11. The Great Britain 1997 firearms control legislation did not follow fully from the Cullen report because the Cullen report suggested that for target shooting what should occur is that the small arms should be dismantled? I know that that would be rather difficult in Northern Ireland because there would have to be two categories, those for defence and those for target shooting. Might it be that if Cullen's recommendations had been followed in Great Britain, the problems you were referring to of illegally-held arms might have been able to contain them in the circumstances, and that some solution that involved the dismantling for the purpose of target shooting might be a possibility in Northern Ireland?
(Mr Greenwood) I think not. I have a very poor view of Cullen's report. It certainly lacks logic. The idea that I am a member of a club and a committee member or office-holder, and I leave one bit of the pistol in the club and take one bit home, and I want to go and shoot somebody and I cannot find a way of putting the whole thing back together again, does not seem to me to be logical at all. Cullen's proposal in that regard was, I think, just looking for another proposition. I do not think it was practical and it would not have worked; and I do not think it would work in Northern Ireland. I think in any event none of them will have any influence on crime. I have the Chief Constable's statement that legally-held firearms are not used in crime in Northern Ireland, and that includes the 11-12,000 personal protection weapons, which one assumes are kept and carried loaded. It knits in perfectly with a monumental study in the States, because there, 33 of the states have got what they call "mandatory concealed carry permits". If you are able to prove that you are a respectable person, with no connections with crime or drugs or drinking and so on, you are entitled to a permit to carry a gun. To everybody's amazement, in every state where it has been enacted, homicide has gone down significantly; rape has gone down significantly; and burglary has gone down significantly. On the burglary score, the interesting thing is that we have 43 per cent of what we call "hot" burglary where the householder is at home, and the United States has 9 per cent. Burglars do not break into houses in those states when the people are there. There is a benefit to the personal protection weapons, which is not apparent in the first instance, but can be seen in the victimisation studies. I think that disassembly of firearms is impractical, and one of those fudging-the-issue suggestions.

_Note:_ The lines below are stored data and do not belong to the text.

(* Let $\epsilon>0$ be the parameter of instance $\mathcal P$ and let $\hat\epsilon\in[0,\epsilon]$. If $(x^*,y^* )$ is an $\hat\epsilon$-stationary point of the splitting reformulation (SP) of instance $\mathcal P$, then $x^*$ is a $2\hat\epsilon$-stationary point of the auxiliary problem (AP): $\min_xf_0(x)$ s.t. $Hx=0$.
   Context: (SP) of instance $\mathcal P$: $\min_{x,y}f_0(x)+\bar g(y)$ s.t. $Ax+b=0$, $y=\bar Ax+\bar b$. $(x^*,y^* )$ is an $\hat\epsilon$-stationary point of (SP) if there exist $z_1\in\mathbb R^{\bar n}$, $z_2\in\mathbb R^n$ with $\max\{\mathrm{dist}(0,\partial\bar g(y^* )-z_1),\|\nabla f_0(x^* )+\bar A^\top z_1+A^\top z_2\|,\|y^*-\bar Ax^*-\bar b\|,\|Ax^*+b\|\}\le\hat\epsilon$. $x^*$ is a $\delta$-stationary point of (AP) if $\max\{\|Hx^*\|,\min_{\gamma'}\|\nabla f_0(x^* )+H^\top\gamma'\|\}\le\delta$. Instance $\mathcal P$: fix $\epsilon\in(0,1)$, $L_f>0$, integers $m_1\ge2$, $m_2\ge1$ with $m_1m_2$ even, $m=3m_1m_2$, an odd integer $\bar d\ge5$, $d=m\bar d$. Write $x=(x_1^\top,\dots,x_m^\top)^\top$, $x_i\in\mathbb R^{\bar d}$; $[z]_j$ is the $j$-th coordinate. $J_p\in\mathbb R^{(p-1)\times p}$ has $-1$ at $(k,k)$, $1$ at $(k,k+1)$, zero elsewhere. $H=mL_f(J_m\otimes I_{\bar d})$. $\mathcal M=\{im_1:i=1,\dots,3m_2-1\}$, $\mathcal M^C=\{1,\dots,m-1\}\setminus\mathcal M$, $n=(m-3m_2)\bar d$, $\bar n=(3m_2-1)\bar d$, $\bar A=mL_f(J_{\mathcal M}\otimes I_{\bar d})$, $A=mL_f(J_{\mathcal M^C}\otimes I_{\bar d})$ with $J_{\mathcal M},J_{\mathcal M^C}$ the rows of $J_m$ indexed by $\mathcal M,\mathcal M^C$; $b=0$, $\bar b=0$. Choose $\beta>(50\pi+1+\|A\|)\sqrt m\,\epsilon$; $\bar g(y)=\frac{\beta}{mL_f}\|y\|_1$. $\Psi(u)=0$ ($u\le0$), $1-e^{-u^2}$ ($u>0$); $\Phi(v)=4\arctan v+2\pi$. For $z\in\mathbb R^{\bar d}$: $\varphi(z,1)=-\Psi(1)\Phi([z]_1)$, $\varphi(z,j)=\Psi(-[z]_{j-1})\Phi(-[z]_j)-\Psi([z]_{j-1})\Phi([z]_j)$ ($2\le j\le\bar d$); $h_i(z)=\varphi(z,1)+3\sum_{j=1}^{\lfloor\bar d/2\rfloor}\varphi(z,2j)$ for $1\le i\le m/3$, $h_i(z)=\varphi(z,1)$ for $m/3+1\le i\le 2m/3$, $h_i(z)=\varphi(z,1)+3\sum_{j=1}^{\lfloor\bar d/2\rfloor}\varphi(z,2j+1)$ for $2m/3+1\le i\le m$. $f_i(z)=\frac{300\pi\epsilon^2}{mL_f}h_i(\frac{\sqrt mL_fz}{150\pi\epsilon})$, $f_0(x)=\sum_{i=1}^mf_i(x_i)$. Instance $\mathcal P$ is $\min_xf_0(x)+\bar g(\bar Ax)$ s.t. $Ax+b=0$. *)

theory Defs
  imports "HOL-Analysis.Analysis"
begin
lemma winner_diff_left:
  assumes "a \<in> H2w \<omega>" "b \<in> H2w \<omega>" "c \<in> H2w \<omega>"
  shows "winner \<omega> (\<lambda>n. a n - b n) c = winner \<omega> a c - winner \<omega> b c"
  unfolding winner_def using suminf_diff[OF summable_winner[OF assms(1,3)] summable_winner[OF assms(2,3)]]
  by (simp add: algebra_simps)

lemma winner_scale_left:
  assumes "a \<in> H2w \<omega>" "b \<in> H2w \<omega>"
  shows "winner \<omega> (\<lambda>n. c * a n) b = c * winner \<omega> a b"
  unfolding winner_def using suminf_mult[OF summable_winner[OF assms], of c]
  by (simp add: algebra_simps)

lemma winner_commute:
  assumes "a \<in> H2w \<omega>" "b \<in> H2w \<omega>"
  shows "winner \<omega> b a = cnj (winner \<omega> a b)"
proof -
  have "(\<lambda>n. cnj (complex_of_real (\<omega> n) * a n * cnj (b n))) sums cnj (winner \<omega> a b)"
    unfolding winner_def by (intro sums_cnj[THEN iffD2] summable_sums summable_winner assms)
  then show ?thesis
    unfolding winner_def by (intro sums_unique[symmetric]) (simp add: algebra_simps)
qed

lemma winner_scale_right:
  assumes "a \<in> H2w \<omega>" "b \<in> H2w \<omega>"
  shows "winner \<omega> a (\<lambda>n. c * b n) = cnj c * winner \<omega> a b"
  using winner_commute[OF H2w_scale[OF assms(2)] assms(1)] winner_scale_left[OF assms(2,1)]
    winner_commute[OF assms(2,1)] by simp

lemma winner_self:
  assumes "a \<in> H2w \<omega>"
  shows "winner \<omega> a a = complex_of_real ((wnorm \<omega> a)\<^sup>2)"
proof -
  have s: "summable (\<lambda>n. \<omega> n * (cmod (a n))\<^sup>2)"
    using assms by (simp add: mem_H2w_iff)
  have "(\<Sum>n. \<omega> n * (cmod (a n))\<^sup>2) \<ge> 0"
    by (intro suminf_nonneg[OF s]) (simp add: weight_nonneg)
  then have "(wnorm \<omega> a)\<^sup>2 = (\<Sum>n. \<omega> n * (cmod (a n))\<^sup>2)"
    unfolding wnorm_def by simp
  then have "complex_of_real ((wnorm \<omega> a)\<^sup>2) = (\<Sum>n. complex_of_real (\<omega> n * (cmod (a n))\<^sup>2))"
    using suminf_of_real[OF s] by simp
  also have "\<dots> = winner \<omega> a a"
    unfolding winner_def by (simp only: of_real_mult complex_norm_square mult.assoc)
  finally show ?thesis by simp
qed

lemma wnorm_nonneg:
  assumes "a \<in> H2w \<omega>"
  shows "wnorm \<omega> a \<ge> 0"
  using assms by (simp add: wnorm_def mem_H2w_iff suminf_nonneg weight_nonneg)

lemma wnorm_diff_commute: "wnorm \<omega> (\<lambda>n. a n - b n) = wnorm \<omega> (\<lambda>n. b n - a n)"
  by (simp add: wnorm_def norm_minus_commute)

lemma winner_self_eq_0:
  assumes "a \<in> H2w \<omega>" "winner \<omega> a a = 0"
  shows "a = (\<lambda>n. 0)"
proof -
  have s: "summable (\<lambda>n. \<omega> n * (cmod (a n))\<^sup>2)"
    using assms by (simp add: mem_H2w_iff)
  have "wnorm \<omega> a = 0"
    using assms winner_self[OF assms(1)] by simp
  then have "(\<Sum>n. \<omega> n * (cmod (a n))\<^sup>2) = 0"
    by (simp add: wnorm_def)
  then have "\<omega> n * (cmod (a n))\<^sup>2 = 0" for n
    using suminf_eq_zero_iff[OF s] weight_nonneg by simp
  then show ?thesis
    using weight_pos by (metis less_irrefl mult_eq_0_iff zero_eq_power2 norm_eq_zero)
qed

lemma winner_monom_z_left: "winner \<omega> (monom_z k) a = \<omega> k * cnj (a k)"
  unfolding winner_def by (subst suminf_finite[of "{k}"]) (auto simp: monom_z_def)

end

section \<open>The sequence space \<open>\<ell>\<^sup>2\<close>\<close>

interpretation unit_weight: weight "\<lambda>_. 1"
  by standard simp

typedef ell2 = "H2w (\<lambda>_. 1)" morphisms ell2_coeff Abs_ell2
  using unit_weight.H2w_zero by blast

setup_lifting type_definition_ell2

instantiation ell2 :: real_vector
begin
lift_definition zero_ell2 :: ell2 is "\<lambda>n. 0"
  by (rule unit_weight.H2w_zero)
lift_definition plus_ell2 :: "ell2 \<Rightarrow> ell2 \<Rightarrow> ell2" is "\<lambda>a b n. a n + b n"
  by (rule unit_weight.H2w_add)
lift_definition minus_ell2 :: "ell2 \<Rightarrow> ell2 \<Rightarrow> ell2" is "\<lambda>a b n. a n - b n"
  by (rule unit_weight.H2w_diff)
lift_definition uminus_ell2 :: "ell2 \<Rightarrow> ell2" is "\<lambda>a n. - a n"
  using unit_weight.H2w_scale[of _ "-1"] by simp
lift_definition scaleR_ell2 :: "real \<Rightarrow> ell2 \<Rightarrow> ell2" is "\<lambda>r a n. complex_of_real r * a n"
  by (rule unit_weight.H2w_scale)
instance
  by standard (transfer; auto simp: algebra_simps fun_eq_iff)+
end

lemma ell2_coeff_in_H2w: "ell2_coeff x \<in> H2w (\<lambda>_. 1)"
  using ell2_coeff by simp

instantiation ell2 :: real_inner
begin
definition inner_ell2 :: "ell2 \<Rightarrow> ell2 \<Rightarrow> real" where
  "inner_ell2 x y = Re (winner (\<lambda>_. 1) (ell2_coeff x) (ell2_coeff y))"
definition norm_ell2 :: "ell2 \<Rightarrow> real" where
  "norm_ell2 x = sqrt (inner x x)"
definition sgn_ell2 :: "ell2 \<Rightarrow> ell2" where
  "sgn_ell2 x = x /\<^sub>R norm x"
definition dist_ell2 :: "ell2 \<Rightarrow> ell2 \<Rightarrow> real" where
  "dist_ell2 x y = norm (x - y)"
definition uniformity_ell2 :: "(ell2 \<times> ell2) filter" where
  "uniformity_ell2 = (INF e\<in>{0<..}. principal {(x, y). dist x y < e})"
definition open_ell2 :: "ell2 set \<Rightarrow> bool" where
  "open_ell2 U \<longleftrightarrow> (\<forall>x\<in>U. eventually (\<lambda>(x', y). x' = x \<longrightarrow> y \<in> U) uniformity)"
instance
proof
  fix x y z :: ell2 and r :: real
  show "inner x y = inner y x"
    unfolding inner_ell2_def using unit_weight.winner_commute[OF ell2_coeff_in_H2w ell2_coeff_in_H2w, of x y]
    by simp
  show "inner (x + y) z = inner x z + inner y z"
    unfolding inner_ell2_def plus_ell2.rep_eq
    using unit_weight.winner_add_left[OF ell2_coeff_in_H2w ell2_coeff_in_H2w ell2_coeff_in_H2w] by simp
  show "inner (r *\<^sub>R x) y = r * inner x y"
    unfolding inner_ell2_def scaleR_ell2.rep_eq
    using unit_weight.winner_scale_left[OF ell2_coeff_in_H2w ell2_coeff_in_H2w] by simp
  show "0 \<le> inner x x"
    unfolding inner_ell2_def using unit_weight.winner_self[OF ell2_coeff_in_H2w] by simp
  show "inner x x = 0 \<longleftrightarrow> x = 0"
  proof
    assume "inner x x = 0"
    then have "winner (\<lambda>_. 1) (ell2_coeff x) (ell2_coeff x) = 0"
      unfolding inner_ell2_def using unit_weight.winner_self[OF ell2_coeff_in_H2w, of x] by simp
    then have "ell2_coeff x = ell2_coeff 0"
      using unit_weight.winner_self_eq_0[OF ell2_coeff_in_H2w] zero_ell2.rep_eq by simp
    then show "x = 0"
      using ell2_coeff_inject by blast
  qed (simp add: inner_ell2_def winner_def zero_ell2.rep_eq)
  show "norm x = sqrt (inner x x)"
    by (simp add: norm_ell2_def)
qed (simp_all add: sgn_ell2_def dist_ell2_def uniformity_ell2_def open_ell2_def)
end

lemma summable_ell2_coeff: "summable (\<lambda>n. (cmod (ell2_coeff x n))\<^sup>2)"
  using ell2_coeff_in_H2w[of x] by (simp add: mem_H2w_iff)

lemma norm_ell2_sq: "(norm x)\<^sup>2 = (\<Sum>n. (cmod (ell2_coeff x n))\<^sup>2)"
proof -
  have "(norm x)\<^sup>2 = (wnorm (\<lambda>_. 1) (ell2_coeff x))\<^sup>2"
    using unit_weight.winner_self[OF ell2_coeff_in_H2w]
    by (simp add: power2_norm_eq_inner inner_ell2_def)
  also have "\<dots> = (\<Sum>n. (cmod (ell2_coeff x n))\<^sup>2)"
    by (simp add: wnorm_def suminf_nonneg[OF summable_ell2_coeff])
  finally show ?thesis .
qed

lemma sum_ell2_coeff_le:
  assumes "finite I"
  shows "(\<Sum>n\<in>I. (cmod (ell2_coeff x n))\<^sup>2) \<le> (norm x)\<^sup>2"
  unfolding norm_ell2_sq by (rule sum_le_suminf[OF summable_ell2_coeff assms]) auto

lemma norm_ell2_coeff_le: "cmod (ell2_coeff x n) \<le> norm x"
  using sum_ell2_coeff_le[of "{n}" x] by (simp add: power2_le_iff_abs_le)

lemma ell2_coeff_diff: "ell2_coeff (x - y) n = ell2_coeff x n - ell2_coeff y n"
  by (simp add: minus_ell2.rep_eq)

lemma Cauchy_ell2_coeff:
  assumes "Cauchy X"
  shows "Cauchy (\<lambda>k. ell2_coeff (X k) n)"
proof (rule metric_CauchyI)
  fix e :: real assume "e > 0"
  then obtain M where "\<forall>j\<ge>M. \<forall>k\<ge>M. dist (X j) (X k) < e"
    using assms unfolding Cauchy_def by blast
  then have "dist (ell2_coeff (X j) n) (ell2_coeff (X k) n) < e" if "j \<ge> M" "k \<ge> M" for j k
    using norm_ell2_coeff_le[of "X j - X k" n] that
    by (fastforce simp: dist_norm ell2_coeff_diff)
  then show "\<exists>M. \<forall>j\<ge>M. \<forall>k\<ge>M. dist (ell2_coeff (X j) n) (ell2_coeff (X k) n) < e"
    by blast
qed

lemma coordinate_limit_dist_le:
  assumes lim: "\<And>n. (\<lambda>j. ell2_coeff (X j) n) \<longlonglongrightarrow> a n"
    and close: "\<And>j. j \<ge> N \<Longrightarrow> norm (X j - y) \<le> e"
  shows "(\<lambda>n. a n - ell2_coeff y n) \<in> H2w (\<lambda>_. 1)"
    and "(\<Sum>n. (cmod (a n - ell2_coeff y n))\<^sup>2) \<le> e\<^sup>2"
proof -
  have partial: "(\<Sum>n<L. (cmod (a n - ell2_coeff y n))\<^sup>2) \<le> e\<^sup>2" for L
  proof (rule LIMSEQ_le_const2)
    show "(\<lambda>j. \<Sum>n<L. (cmod (ell2_coeff (X j - y) n))\<^sup>2)
        \<longlonglongrightarrow> (\<Sum>n<L. (cmod (a n - ell2_coeff y n))\<^sup>2)"
      unfolding ell2_coeff_diff by (intro tendsto_intros lim)
    have "(\<Sum>n<L. (cmod (ell2_coeff (X j - y) n))\<^sup>2) \<le> e\<^sup>2" if "j \<ge> N" for j
      using sum_ell2_coeff_le[of "{..<L}" "X j - y"] power_mono[OF close[OF that] norm_ge_zero, of 2]
      by simp
    then show "\<exists>N. \<forall>j\<ge>N. (\<Sum>n<L. (cmod (ell2_coeff (X j - y) n))\<^sup>2) \<le> e\<^sup>2"
      by blast
  qed
  have s: "summable (\<lambda>n. (cmod (a n - ell2_coeff y n))\<^sup>2)"
    by (rule bounded_imp_summable[where B = "e\<^sup>2"])
      (use partial[of "Suc _"] in \<open>auto simp: lessThan_Suc_atMost\<close>)
  then show "(\<lambda>n. a n - ell2_coeff y n) \<in> H2w (\<lambda>_. 1)"
    by (simp add: mem_H2w_iff)
  show "(\<Sum>n. (cmod (a n - ell2_coeff y n))\<^sup>2) \<le> e\<^sup>2"
    by (rule suminf_le_const[OF s partial])
qed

14. So legislation had a clear effect on the number of shotgun certificates.
(Mr Greenwood) Yes, but it did not have a clear effect on crime. The use of shotguns in crime doubled.
 
This is really great response from everyone. I just wish we could see some debate like this on one of the major network news magazines.
 
So, does anyone here know how often, if ever, gun registration helps the police solve crimes?
I don't think there is any way to gauge this. Very seldom/almost never would be my guess.

(I did see it work on an episode of CSI: Crime Scene Investigation once. :D However, there is a grain of truth in this, as Clark County, NV, where Las Vegas is located, does have handgun registration. I doubt if they could pull it up in a few seconds on a computer, though.)